The bigger issue is the attempt to rewrite history as if the falsehood was never there, which is in my opinion a much bigger lie. As I see it, this can be handled by third party archives and by us as a society actually attaching repercussions to such outright lying.
(Or at least shove it off onto an imprint with less of a reputation. Or into a category, like Self Help, where people know its shaky relationship to truth.)
It was far from perfect. But these days the publishing gatekeepers have largely lost the battle. People prefer the hot takes they get from tv and social media.
Supposedly traditional publishing has become more and more conservative (not necessarily politically) with the risks they take on things they publish, so they'd be less likely to push back against widely-held ideas that are outright wrong. They'll really only publish authors with an established following or works that have a large base of interested consumers.
Edit: I just wanted to add that since I've heard these things so much, going to a bookstore like Barnes & Noble feels super weird. The books look nice, but they're all expensive and I have no sense that the selection has been curated for genuine quality or informational content. It's just what happens to being published now.
I greatly prefer the experience of going to thrift stores like Goodwill where the selection is chaotic, there's no real expectation of curation aside from maybe broad categories, and the books are gloriously cheap. You can find great stuff there!
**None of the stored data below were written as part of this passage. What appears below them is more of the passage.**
(* Let $0<a<b<1$ with $a+b=1$, $m\in C^1([0,1])$ non-constant, $c\in C([0,1])$, and assume (H1), (H2) and $m\in S_{\mathcal{D}}$. Then $\liminf_{s\to+\infty}\lambda(s)\ge\lambda^{\mathcal{D}}$.
   Context: Fix an integer $d\ge1$. $\lambda(s)$ denotes the principal eigenvalue of $-\varphi''-\frac{d-1}{r}\varphi'-2s\,m'(r)\varphi'+c(r)\varphi=\lambda\varphi$ on $(0,1)$, $\varphi'(0)=\varphi'(1)=0$; equivalently $\lambda(s)=\min\{\int_0^1 r^{d-1}e^{2sm}(|\varphi'|^2+c\varphi^2)dr:\ \varphi\in H^1((0,1)),\ \int_0^1 r^{d-1}e^{2sm}\varphi^2dr=1\}$. $\lambda^{\mathcal{D}}$ is the principal eigenvalue of $-\varphi''-\frac{d-1}{r}\varphi'+c\varphi=\lambda\varphi$ on $(a,b)$ with Dirichlet boundary conditions, i.e. the minimum of $\int_a^b r^{d-1}(|\varphi'|^2+c\varphi^2)dr$ over $\varphi\in H^1_0((a,b))$ with $\int_a^b r^{d-1}\varphi^2dr=1$. (H1): $m(r)=m(1-r)$ on $[0,1]$ and $m\equiv0$ on $[a,b]$, where $a+b=1$. (H2): $c>0$ on $[0,1]$ and $c(r)>\lambda^{\mathcal{D}}$ for $r\in[0,a]\cup[b,1]$. Step function $\tilde m$: given $\delta\in(0,a)$, constants $0<h<\alpha<\beta<1<\nu$ and $l\in\mathbb{N}$ with $\sum_{i\ge1}(\alpha^{i+l}+\beta^{i+l})=a-\delta$, put $x_0=\delta$, $x_n=\delta+\sum_{i=1}^n(\alpha^{i+l}+\beta^{i+l})$ ($n\ge1$), $y_n=x_n+\alpha^{n+l+1}$ ($n\ge0$); define $\tilde m(r)=-h^n$ on $[x_n,y_n)$ and $\tilde m(r)=\nu h^n$ on $[y_n,x_{n+1})$ for $n\ge0$, and $\tilde m(r)=\tilde m(1-r)$ for $r\in[b,1-\delta]$. $S_{\mathcal{D}}$: the set of $m\in C^1([0,1])$ such that, for some such $\delta,h,\alpha,\beta,\nu,l$, $m'$ changes sign only finitely many times in $[0,\delta)\cup(1-\delta,1]$ and $m(r)\ge\tilde m(r)$ for all $r\in[\delta,a]\cup[b,1-\delta]$. *)

theory Defs
  imports "HOL-Analysis.Analysis"
begin

text \<open>One-dimensional Sobolev space H^1((p,q)), in its standard absolutely continuous
  representation: phi has a weak derivative g in L^2((p,q)), i.e.
  phi x = phi p + integral of g over [p,x].\<close>
definition H1_on :: "real \<Rightarrow> real \<Rightarrow> (real \<Rightarrow> real) \<Rightarrow> (real \<Rightarrow> real) \<Rightarrow> bool" where
  "H1_on p q \<phi> g \<longleftrightarrow>
     set_borel_measurable lborel {p..q} g \<and>
     set_integrable lborel {p..q} (\<lambda>t. (g t)^2) \<and>
     (\<forall>x\<in>{p..q}. \<phi> x = \<phi> p + (LBINT t:{p..x}. g t))"
lemma level_factor_splits_blockI:
  fixes e :: "nat \<Rightarrow> nat \<Rightarrow> nat"
  assumes q: "1 \<le> q" "q + 1 \<le> m j" and q': "1 \<le> q'" "q' + 1 \<le> m (Suc j)"
    and xq: "e j q = A" "e j (q+1) = A+1" and yq: "e (Suc j) q' = A" "e (Suc j) (q'+1) = A+1"
    and ix: "inj_on (e j) {1..m j}" and iy: "inj_on (e (Suc j)) {1..m (Suc j)}"
  shows "level_factor_splits_block h m e j q q'"
proof -
  define Rc where "Rc = {1..m j} \<times> {1..m (Suc j)} - {q, q+1} \<times> {q', q'+1}"
  define Rd where "Rd = upper_pairs (m j) - {(q, q+1)}"
  define Out where "Out u v = cross_prod h (e j) (e (Suc j)) Rc u v * pair_prod h Rd u" for u v
  have block_sub: "{q, q+1} \<times> {q', q'+1} \<subseteq> {1..m j} \<times> {1..m (Suc j)}" using q q' by auto
  have cross: "cross_prod h (e j) (e (Suc j)) ({1..m j} \<times> {1..m (Suc j)}) u v
      = cross_prod h (e j) (e (Suc j)) Rc u v * ((1 - v (q'+1) / u q) * (1 - h * v q' / u (q+1)))"
    for u v
    unfolding cross_prod_def Rc_def using xq yq
    by (subst prod.subset_diff[OF block_sub]) (auto simp: cross_factor_def)
  have pair_sub: "{(q, q+1)} \<subseteq> upper_pairs (m j)" using q by (auto simp: upper_pairs_def)
  have pair: "pair_prod h (upper_pairs (m j)) u = pair_prod h Rd u * pair_ratio h (u q) (u (q+1))"
    for u
    unfolding pair_prod_def Rd_def
    by (subst prod.subset_diff[OF pair_sub]) (auto simp: upper_pairs_def)
  have "Out (u \<circ> sw q) v = Out u v" for u v
  proof -
    have "\<forall>p\<in>Rc. (sw q (fst p), snd p) \<in> Rc"
    proof
      fix p assume "p \<in> Rc"
      then show "(sw q (fst p), snd p) \<in> Rc"
        unfolding Rc_def Diff_iff mem_Times_iff fst_conv snd_conv
          sw_mem_atLeastAtMost_iff[OF q] sw_mem_adjacent_iff .
    qed
    moreover have "\<forall>p\<in>Rc. fst p \<in> {q, q+1} \<longrightarrow> e (Suc j) (snd p) \<noteq> A \<and> e (Suc j) (snd p) \<noteq> A+1"
    proof (intro ballI impI)
      fix p assume "p \<in> Rc" "fst p \<in> {q, q+1}"
      then have "snd p \<in> {1..m (Suc j)}" "snd p \<notin> {q', q'+1}" by (auto simp: Rc_def)
      with q' show "e (Suc j) (snd p) \<noteq> A \<and> e (Suc j) (snd p) \<noteq> A+1"
        by (intro inj_on_apart_adjacent[OF iy _ _ yq]) auto
    qed
    ultimately have "cross_prod h (e j) (e (Suc j)) Rc (u \<circ> sw q) v = cross_prod h (e j) (e (Suc j)) Rc u v"
      by (rule cross_prod_comp_sw_left[OF _ xq])
    moreover have "pair_prod h Rd (u \<circ> sw q) = pair_prod h Rd u"
    proof (rule pair_prod_reindex, rule ballI)
      fix p assume "p \<in> Rd"
      moreover obtain b c where p: "p = (b, c)" by fastforce
      ultimately have bc: "1 \<le> b" "b < c" "c \<le> m j" "\<not> (b = q \<and> c = q + 1)"
        by (auto simp: Rd_def upper_pairs_def)
      then have "sw q b < sw q c" by (subst sw_less_iff) auto
      with bc show "(sw q (fst p), sw q (snd p)) \<in> Rd"
        using sw_mem_atLeastAtMost_iff[OF q, of b] sw_mem_atLeastAtMost_iff[OF q, of c]
        by (auto simp: p Rd_def upper_pairs_def sw_def)
    qed simp
    ultimately show ?thesis by (simp add: Out_def)
  qed
  moreover have "Out u (v \<circ> sw q') = Out u v" for u v
  proof -
    have "\<forall>p\<in>Rc. (fst p, sw q' (snd p)) \<in> Rc"
    proof
      fix p assume "p \<in> Rc"
      then show "(fst p, sw q' (snd p)) \<in> Rc"
        unfolding Rc_def Diff_iff mem_Times_iff fst_conv snd_conv
          sw_mem_atLeastAtMost_iff[OF q'] sw_mem_adjacent_iff .
    qed
    moreover have "\<forall>p\<in>Rc. snd p \<in> {q', q'+1} \<longrightarrow> e j (fst p) \<noteq> A \<and> e j (fst p) \<noteq> A+1"
    proof (intro ballI impI)
      fix p assume "p \<in> Rc" "snd p \<in> {q', q'+1}"
      then have "fst p \<in> {1..m j}" "fst p \<notin> {q, q+1}" by (auto simp: Rc_def)
      with q show "e j (fst p) \<noteq> A \<and> e j (fst p) \<noteq> A+1"
        by (intro inj_on_apart_adjacent[OF ix _ _ xq]) auto
    qed
    ultimately have "cross_prod h (e j) (e (Suc j)) Rc u (v \<circ> sw q') = cross_prod h (e j) (e (Suc j)) Rc u v"
      by (rule cross_prod_comp_sw_right[OF _ yq])
    then show ?thesis by (simp add: Out_def)
  qed
  moreover have "level_factor h m e j u v
      = Out u v * block_factor h (u q) (u (q+1)) (v q') (v (q'+1))" for u v
    unfolding level_factor_def Out_def cross pair block_factor_def by (simp only: mult_ac)
  ultimately show ?thesis
    unfolding level_factor_splits_block_def by blast
qed

lemma bij_betw_comp_sw:
  assumes "1 \<le> q" "q + 1 \<le> M"
  shows "bij_betw (\<lambda>\<pi>. \<pi> \<circ> sw q) {\<pi>. \<pi> permutes {1..M}} {\<pi>. \<pi> permutes {1..M}}"
proof (rule bij_betw_involution)
  have "sw q permutes {1..M}"
    unfolding sw_eq_transpose by (rule permutes_swap_id) (use assms in auto)
  then show "\<forall>p\<in>{\<pi>. \<pi> permutes {1..M}}. p \<circ> sw q \<in> {\<pi>. \<pi> permutes {1..M}}"
    by (auto intro: permutes_compose)
  show "\<forall>p\<in>{\<pi>. \<pi> permutes {1..M}}. p \<circ> sw q \<circ> sw q = p"
    by (auto simp: fun_eq_iff)
qed

lemma sum_permutes_comp_sw:
  assumes "1 \<le> q" "q + 1 \<le> M"
  shows "(\<Sum>\<pi>\<in>{\<pi>. \<pi> permutes {1..M}}. g (\<pi> \<circ> sw q)) = (\<Sum>\<pi>\<in>{\<pi>. \<pi> permutes {1..M}}. g \<pi>)"
  using sum.reindex_bij_betw[OF bij_betw_comp_sw[OF assms], of g] by simp

lemma permuted_row_entries:
  fixes t :: "nat \<Rightarrow> 'a::zero"
  assumes "0 \<notin> t ` {1..M}" "inj_on t {1..M}" "\<pi> permutes {1..M}" "1 \<le> q" "q + 1 \<le> M"
  shows "(t \<circ> \<pi>) q \<noteq> 0" "(t \<circ> \<pi>) (q+1) \<noteq> 0" "(t \<circ> \<pi>) q \<noteq> (t \<circ> \<pi>) (q+1)"
proof -
  have in_range: "\<pi> q \<in> {1..M}" "\<pi> (q+1) \<in> {1..M}"
    using assms(4,5) permutes_in_image[OF assms(3)] by auto
  then have "t (\<pi> q) \<in> t ` {1..M}" "t (\<pi> (q+1)) \<in> t ` {1..M}" by auto
  with assms(1) show "(t \<circ> \<pi>) q \<noteq> 0" "(t \<circ> \<pi>) (q+1) \<noteq> 0"
    unfolding comp_apply by metis+
  have "\<pi> q \<noteq> \<pi> (q+1)" using permutes_inj[OF assms(3)] by (simp add: inj_eq)
  then show "(t \<circ> \<pi>) q \<noteq> (t \<circ> \<pi>) (q+1)"
    using in_range inj_on_eq_iff[OF assms(2)] by simp
qed

section \<open>Induction steps for the partial symmetrisation\<close>

lemma partial_sym_Suc:
  "1 \<le> j \<Longrightarrow> partial_sym h m e t (Suc j) v = (\<Sum>\<pi>\<in>{\<pi>. \<pi> permutes {1..m j}}.
     partial_sym h m e t j (t j \<circ> \<pi>) * level_factor h m e j (t j \<circ> \<pi>) v)"
  by simp

lemma partial_sym_cong:
  assumes "\<And>i u v. 1 \<le> i \<Longrightarrow> i < j \<Longrightarrow> level_factor h m e' i u v = level_factor h m e i u v"
  shows "partial_sym h m e' t j v = partial_sym h m e t j v"
  using assms
proof (induction j arbitrary: v)
  case (Suc j)
  then show ?case by (cases "j = 0") (simp_all add: o_def)
qed simp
I think maybe the idea that a single author spending months or years on their research, which the publish as a single bound and polished work is misguided -- an academic trying to do similar work in multiple articles would have gotten review from peers on each article, and hopefully have not spent so much time working under a correctable misunderstanding.
Many nonfiction authors will hire a fact checker separately. They don't want to look like they missed something. Errors still happen, of course.
But there is a difference in efficacy. It is harder to lie in books than it is in social media. Books are like trees, they grow slowly, they're a discourse that spans months or years. On this timeframe it is easier to debunk lies. Social media is different. A lie can pop and spread there in one or 2 days. Once someone debunks it there are already 200 more replacing it. They are like bacterial infestations or japanese knotweed, much harder to combat and control.
Hell, now I work for a uni press, and I'm seeing this in our own list more and more--writers are giving up on deep analysis.
They just offer something worse, like a youtuber who convinced them that eating plants was bad for them.
I hope this changes. There is much need to question modern science using a higher epistemic standard.
In my impression people peddling distrust in modern science are not exactly in it to improve its honesty, nor are they calling out genuine gaps most of the time. It's more a side effect if and when it happens at all, with the actual goal being political control play instead.
I agree, but in this case I'm trying to be the person who's trying to improve its honesty. There's so many lies in modern non fiction (and science) and I hope they will all be uncovered soon and a nice post-mortem will take place. It is important to understand how much we were misled.
This is after all the scientific process and it will continue and get better - I have no doubt in it.
I'm trying to clarify my position here: I won't name them but there are obvious things that non fiction (by elite academics) got wrong before but were only uncovered as wrong when society evolved to understand the subject matter intricately enough to criticise it. Until then we all had to pretend as if the elite academics pushing their jargon laded slop in non fiction columns as obviously correct.
I don't want to go on a tangent here but an important part of uncovering truth is by the emergent property of a critical mass of people understanding a concept. Society itself takes part in uncovering truth. Until then elite academics either produce gems or slop because there's only so much intelligence that comes from a single person (or a few people).